(Input data)
lemma idxGD:
  assumes "j \<in> idxG C A"
  shows "fst j \<in> C" "vlab j \<in> PiE (gverts A) (\<lambda>_. sd_V (fst j))"
    "elab j \<in> PiE (gedges A) (\<lambda>_. sd_E (fst j))"
    "\<And>e. e \<in> gedges A \<Longrightarrow> sd_src (fst j) (elab j e) = vlab j (gsrc A e)"
    "\<And>e. e \<in> gedges A \<Longrightarrow> sd_tgt (fst j) (elab j e) = vlab j (gtgt A e)"
  using assms by (cases j; auto simp: idxG_iff)+

lemma idxV_iff: "(S, \<phi>) \<in> idxV V X \<longleftrightarrow> S \<in> V \<and> \<phi> \<in> PiE X (\<lambda>_. sg_car S)"
  unfolding idxV_def by simp

lemma OmegaV_iff: "\<pi> \<in> OmegaV V X \<longleftrightarrow> \<pi> \<in> PiE (idxV V X) (\<lambda>i. sg_car (fst i)) \<and>
     (\<forall>S \<phi> T \<psi> h. (S, \<phi>) \<in> idxV V X \<and> (T, \<psi>) \<in> idxV V X \<and> sg_hom S T h \<and>
        (\<forall>x\<in>X. h (\<phi> x) = \<psi> x) \<longrightarrow> h (\<pi> (S, \<phi>)) = \<pi> (T, \<psi>))"
  unfolding OmegaV_def by simp

lemma OmegaV_compat:
  assumes "a \<in> OmegaV V X" "(S, \<phi>) \<in> idxV V X" "(T, \<psi>) \<in> idxV V X" "sg_hom S T h"
    "\<forall>x\<in>X. h (\<phi> x) = \<psi> x"
  shows "h (a (S, \<phi>)) = a (T, \<psi>)"
  using assms unfolding OmegaV_iff by blast

lemma OmegaV_val: "a \<in> OmegaV V X \<Longrightarrow> i \<in> idxV V X \<Longrightarrow> a i \<in> sg_car (fst i)"
  unfolding OmegaV_iff by (auto simp: PiE_iff)

lemma OmegaV_extensional: "a \<in> OmegaV V X \<Longrightarrow> a \<in> extensional (idxV V X)"
  unfolding OmegaV_iff by (auto simp: PiE_iff)

definition idx_morph :: "('v, 'e) graph \<Rightarrow> ('v, 'e) sidx \<Rightarrow> ('v, 'e) sidx \<Rightarrow>
    (nat \<Rightarrow> nat) \<Rightarrow> (nat \<Rightarrow> nat) \<Rightarrow> bool" where
  "idx_morph A j i hv he \<longleftrightarrow> sgd_morph (fst j) (fst i) hv he \<and>
     (\<forall>x\<in>gverts A. hv (vlab j x) = vlab i x) \<and> (\<forall>e\<in>gedges A. he (elab j e) = elab i e)"

lemma EdgesG_coord_morph:
  assumes "x \<in> EdgesG C A" "j \<in> idxG C A" "i \<in> idxG C A" "idx_morph A j i hv he"
  shows "he (coord x j) = coord x i"
proof -
  obtain u v \<pi> where x: "x = (u, v, \<pi>)" by (cases x)
  obtain S \<phi>v \<phi>e where j: "j = (S, \<phi>v, \<phi>e)" by (cases j)
  obtain T \<psi>v \<psi>e where i: "i = (T, \<psi>v, \<psi>e)" by (cases i)
  show ?thesis using assms unfolding x j i EdgesG_iff idx_morph_def by auto
qed

lemma EdgesG_coord:
  assumes "x \<in> EdgesG C A" "j \<in> idxG C A"
  shows "coord x j \<in> sd_E (fst j)" "sd_src (fst j) (coord x j) = vlab j (e_src x)"
    "sd_tgt (fst j) (coord x j) = vlab j (e_tgt x)"
proof -
  obtain u v \<pi> where x: "x = (u, v, \<pi>)" by (cases x)
  obtain S \<phi>v \<phi>e where j: "j = (S, \<phi>v, \<phi>e)" by (cases j)
  show "coord x j \<in> sd_E (fst j)" "sd_src (fst j) (coord x j) = vlab j (e_src x)"
    "sd_tgt (fst j) (coord x j) = vlab j (e_tgt x)"
    using assms unfolding x j EdgesG_iff e_src_def e_tgt_def by (auto simp: PiE_iff)
qed

lemma EdgesG_verts: "x \<in> EdgesG C A \<Longrightarrow> e_src x \<in> gverts A \<and> e_tgt x \<in> gverts A"
  by (cases x) (simp add: EdgesG_iff e_src_def e_tgt_def)

lemma EdgesG_coord_PiE: "x \<in> EdgesG C A \<Longrightarrow> coord x \<in> PiE (idxG C A) (\<lambda>i. sd_E (fst i))"
  by (cases x) (simp add: EdgesG_iff)

lemma EdgesG_eqI:
  assumes "x \<in> EdgesG C A" "e_src y = e_src x" "e_tgt y = e_tgt x"
    "coord y \<in> extensional (idxG C A)" "\<And>j. j \<in> idxG C A \<Longrightarrow> coord y j = coord x j"
  shows "y = x"
  using assms EdgesG_coord_PiE[OF assms(1)] extensionalityI[of "coord y" "idxG C A" "coord x"]
  by (cases x, cases y) (auto simp: e_src_def e_tgt_def PiE_iff)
(End Input data)
[Problem details]:
Identify and extract each line of the listing that contains "assumes".

[Task answer]:
  assumes "j \<in> idxG C A"
  assumes "a \<in> OmegaV V X" "(S, \<phi>) \<in> idxV V X" "(T, \<psi>) \<in> idxV V X" "sg_hom S T h"
  assumes "x \<in> EdgesG C A" "j \<in> idxG C A" "i \<in> idxG C A" "idx_morph A j i hv he"
  assumes "x \<in> EdgesG C A" "j \<in> idxG C A"
  assumes "x \<in> EdgesG C A" "e_src y = e_src x" "e_tgt y = e_tgt x"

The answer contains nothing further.